何やら話をしているが内容はよく分からない。ただ、その表情から察するに相当下心があるようだ。
「ねぇ、刀華ちゃん。この後二人で抜け出して飲み直さないかい? もちろん奢るからさ」
「申し訳ございません。私はまだ仕事が残っておりまして……」
「いいじゃないか。たまには息抜きしないと疲れちゃうよ?」
しつこく食い下がる男に対して刀華は少し困り気味だった。助けに行くべきか迷ったがここで出て行けば余計ややこしくなるかもしれないと思い見守ることにする。すると次の瞬間、男の手が刀華の腕を掴んだ。そして強引に引き寄せようとする。
「きゃっ!」
流石に見過ごすわけにもいかないので急いで駆け寄るとその腕を掴んで捻り上げた。
「いでぇ! なんだお前!」
「それはこっちのセリフですよ。嫌がっている女性を無理やり誘うなんて最低ですね」
「ぐぅ!」
「まぁ、どうせ金目当てでしょうけどね。それなら他の女に声をかければいいものを」
そう言って手を離すと男は逃げ去っていった。ふう、なんとかなったか……。振り返ってみると刀華が目を丸くしていた。どうしたんだろうかと思っていると急に抱きしめられた。 急なことに驚いていると刀華はそのままの状態で話し始めた。
「どうして来たんですか?」
「え?」
「私は一人で対処できると思っていましたが、まさかあんなことをされるとは思っていませんでした。だから、正直嬉しかったです」
そう言いながらさらに強く抱きついてくる。どうしよう。すごく可愛い。普段とのギャップもあってかなりドキドキしてきた。しばらくすると満足してくれたのか体を放してくれる。それからしばらく談笑した後、部屋に戻った。
「ふー、今日は色々あったなぁ〜」
ベッドの上で横になり今日の出来事を思い出す。パーティー自体は楽しめたし、まあ、ちょっとハプニングはあったが……でも、悪くない一日ではあると思う。

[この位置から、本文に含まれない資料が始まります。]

(* Let $A$ be a commutative noetherian local ring and let $x,y\in A$ be a regular exact pair of zero divisors. Let $a,b\in A$ be such that $a$ or $b$ is weakly regular on the $A$-module $A/(x,y)$. Then there are $A$-module isomorphisms (a) $\operatorname{Hom}_A(H_a,G_b)\cong\operatorname{Hom}_A(H_b,G_a)\cong G_{ab}$, and (b) $\operatorname{Hom}_A(G_a,H_b)\cong\operatorname{Hom}_A(G_b,H_a)\cong H_{ab}$.
   Context: Two non-units $x,y\in A$ form an exact pair of zero divisors if $\operatorname{Ann}_A(x)=(y)$ and $\operatorname{Ann}_A(y)=(x)$; such a pair is regular if $(x)\cap(y)=0$. An element $a\in A$ is weakly regular on a module $M$ if multiplication by $a$ on $M$ is injective. For $a\in A$, let $\gamma_a=\begin{pmatrix} x & a\\ 0 & y\end{pmatrix}$ and $\eta_a=\begin{pmatrix} y & -a\\ 0 & x\end{pmatrix}$, viewed as $A$-linear maps $A^2\to A^2$ acting on column vectors, and set $G_a=\operatorname{Coker}\gamma_a$, $H_a=\operatorname{Coker}\eta_a$. *)

theory Defs
  imports Main "HOL-Library.FuncSet"
begin

definition is_ideal :: "'a::comm_ring_1 set \<Rightarrow> bool" where
  "is_ideal I \<longleftrightarrow> 0 \<in> I \<and> (\<forall>u\<in>I. \<forall>v\<in>I. u + v \<in> I) \<and> (\<forall>r. \<forall>u\<in>I. r * u \<in> I)"

definition gen_ideal :: "'a::comm_ring_1 set \<Rightarrow> 'a set" where
  "gen_ideal S = {t. \<exists>c. t = (\<Sum>s\<in>S. c s * s)}"

definition finitely_generated_ideal :: "'a::comm_ring_1 set \<Rightarrow> bool" where
  "finitely_generated_ideal I \<longleftrightarrow> (\<exists>S. finite S \<and> I = gen_ideal S)"

definition noetherian_ring :: "'a::comm_ring_1 itself \<Rightarrow> bool" where
  "noetherian_ring _ \<longleftrightarrow> (\<forall>I::'a set. is_ideal I \<longrightarrow> finitely_generated_ideal I)"

definition maximal_ideal :: "'a::comm_ring_1 set \<Rightarrow> bool" where
  "maximal_ideal m \<longleftrightarrow> is_ideal m \<and> m \<noteq> UNIV \<and>
     (\<forall>J. is_ideal J \<and> m \<subseteq> J \<longrightarrow> J = m \<or> J = UNIV)"

definition local_ring :: "'a::comm_ring_1 itself \<Rightarrow> bool" where
  "local_ring _ \<longleftrightarrow> (\<exists>!m::'a set. maximal_ideal m)"

definition principal_ideal :: "'a::comm_ring_1 \<Rightarrow> 'a set" where
  "principal_ideal x = {x * r | r. True}"

definition Ann :: "'a::comm_ring_1 \<Rightarrow> 'a set" where
  "Ann x = {r. r * x = 0}"

definition exact_pair_zero_divisors :: "'a::comm_ring_1 \<Rightarrow> 'a \<Rightarrow> bool" where
  "exact_pair_zero_divisors x y \<longleftrightarrow> \<not> x dvd 1 \<and> \<not> y dvd 1 \<and>
     Ann x = principal_ideal y \<and> Ann y = principal_ideal x"

definition regular_exact_pair :: "'a::comm_ring_1 \<Rightarrow> 'a \<Rightarrow> bool" where
  "regular_exact_pair x y \<longleftrightarrow> exact_pair_zero_divisors x y \<and>
     principal_ideal x \<inter> principal_ideal y = {0}"

record ('a, 'm) amod =
  mcarr :: "'m set"
  madd  :: "'m \<Rightarrow> 'm \<Rightarrow> 'm"
  mzero :: "'m"
  mscal :: "'a \<Rightarrow> 'm \<Rightarrow> 'm"

definition free1 :: "('a::comm_ring_1, 'a) amod" where
  "free1 = \<lparr>mcarr = UNIV, madd = (+), mzero = 0, mscal = (*)\<rparr>"

definition free2 :: "('a::comm_ring_1, 'a \<times> 'a) amod" where
  "free2 = \<lparr>mcarr = UNIV,
            madd = (\<lambda>(p1, p2) (q1, q2). (p1 + q1, p2 + q2)),
            mzero = (0, 0),
            mscal = (\<lambda>r (p1, p2). (r * p1, r * p2))\<rparr>"

definition quot_mod :: "('a, 'm) amod \<Rightarrow> 'm set \<Rightarrow> ('a, 'm set) amod" where
  "quot_mod M N = \<lparr>mcarr = {{q \<in> mcarr M. \<exists>n\<in>N. q = madd M p n} | p. p \<in> mcarr M},
     madd = (\<lambda>X Y. {q \<in> mcarr M. \<exists>p\<in>X. \<exists>p'\<in>Y. \<exists>n\<in>N. q = madd M (madd M p p') n}),
     mzero = {q \<in> mcarr M. \<exists>n\<in>N. q = madd M (mzero M) n},
     mscal = (\<lambda>r X. {q \<in> mcarr M. \<exists>p\<in>X. \<exists>n\<in>N. q = madd M (mscal M r p) n})\<rparr>"

definition is_linear :: "('a, 'm) amod \<Rightarrow> ('a, 'n) amod \<Rightarrow> ('m \<Rightarrow> 'n) \<Rightarrow> bool" where
  "is_linear M N f \<longleftrightarrow> (\<forall>m\<in>mcarr M. f m \<in> mcarr N) \<and>
     (\<forall>m1\<in>mcarr M. \<forall>m2\<in>mcarr M. f (madd M m1 m2) = madd N (f m1) (f m2)) \<and>
     (\<forall>r. \<forall>m\<in>mcarr M. f (mscal M r m) = mscal N r (f m))"

definition Hom_mod :: "('a, 'm) amod \<Rightarrow> ('a, 'n) amod \<Rightarrow> ('a, 'm \<Rightarrow> 'n) amod" where
  "Hom_mod M N = \<lparr>mcarr = {f \<in> mcarr M \<rightarrow>\<^sub>E mcarr N. is_linear M N f},
     madd = (\<lambda>f g. \<lambda>m\<in>mcarr M. madd N (f m) (g m)),
     mzero = (\<lambda>m\<in>mcarr M. mzero N),
     mscal = (\<lambda>r f. \<lambda>m\<in>mcarr M. mscal N r (f m))\<rparr>"

definition mod_iso :: "('a, 'm) amod \<Rightarrow> ('a, 'n) amod \<Rightarrow> bool" where
  "mod_iso M N \<longleftrightarrow> (\<exists>f. is_linear M N f \<and> bij_betw f (mcarr M) (mcarr N))"

definition weakly_regular :: "'a \<Rightarrow> ('a, 'm) amod \<Rightarrow> bool" where
  "weakly_regular a M \<longleftrightarrow> (\<forall>m\<in>mcarr M. mscal M a m = mzero M \<longrightarrow> m = mzero M)"

definition coker2 :: "('a::comm_ring_1 \<times> 'a \<Rightarrow> 'a \<times> 'a) \<Rightarrow> ('a, ('a \<times> 'a) set) amod" where
  "coker2 f = quot_mod free2 (range f)"

text \<open>gamma_a = [[x, a],[0, y]] and eta_a = [[y, -a],[0, x]] acting on column vectors.\<close>
definition gamma :: "'a::comm_ring_1 \<Rightarrow> 'a \<Rightarrow> 'a \<Rightarrow> 'a \<times> 'a \<Rightarrow> 'a \<times> 'a" where
  "gamma x y a = (\<lambda>(u, v). (x * u + a * v, y * v))"

definition eta :: "'a::comm_ring_1 \<Rightarrow> 'a \<Rightarrow> 'a \<Rightarrow> 'a \<times> 'a \<Rightarrow> 'a \<times> 'a" where
  "eta x y a = (\<lambda>(u, v). (y * u - a * v, x * v))"

definition G_mod :: "'a::comm_ring_1 \<Rightarrow> 'a \<Rightarrow> 'a \<Rightarrow> ('a, ('a \<times> 'a) set) amod" where
  "G_mod x y a = coker2 (gamma x y a)"

definition H_mod :: "'a::comm_ring_1 \<Rightarrow> 'a \<Rightarrow> 'a \<Rightarrow> ('a, ('a \<times> 'a) set) amod" where
  "H_mod x y a = coker2 (eta x y a)"

definition ideal2 :: "'a::comm_ring_1 \<Rightarrow> 'a \<Rightarrow> 'a set" where
  "ideal2 x y = {x * r + y * s | r s. True}"

definition quot_ring_mod :: "'a::comm_ring_1 \<Rightarrow> 'a \<Rightarrow> ('a, 'a set) amod" where
  "quot_ring_mod x y = quot_mod free1 (ideal2 x y)"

ハジメ達は大丈夫かな……と考えていると部屋の扉が開く……この部屋はカードキーが必要な筈なのにだ。
(スペアキーはこのホテルの従業員達しか使用は出来ない筈なんだが……それに俺が入ったのが最後だったしカードキーも俺が持っているし……)
警戒しながらも起きているのを悟られないように寝たフリをかます。気配からして複数人でしかも男の様だ。ゆっくりと近づいてきて俺を見下ろす形で立ち止まる。そのまま何かを話し始めた。
「おい、本当にやるつもりなのか?」
「ああ、せっかくのチャンスを逃す手はない。あいつは金持ちだしな」
「しかし相手は高校生だぞ? 下手したら捕まるんじゃ……」
「大丈夫だ。いざとなったら脅せばいい。それに、もしバレても俺達がやったとは思われない」
……なるほど、大体理解した。要するに俺の事を誘拐するつもりらしい。ま、面白そうだし誘拐されてもいっか! 俺はそのまま眠りこけた振りをして男共の好きな様にさせる。道中扱いが雑だったので飽きたらぶっ殺す……ぜってぇ殺す。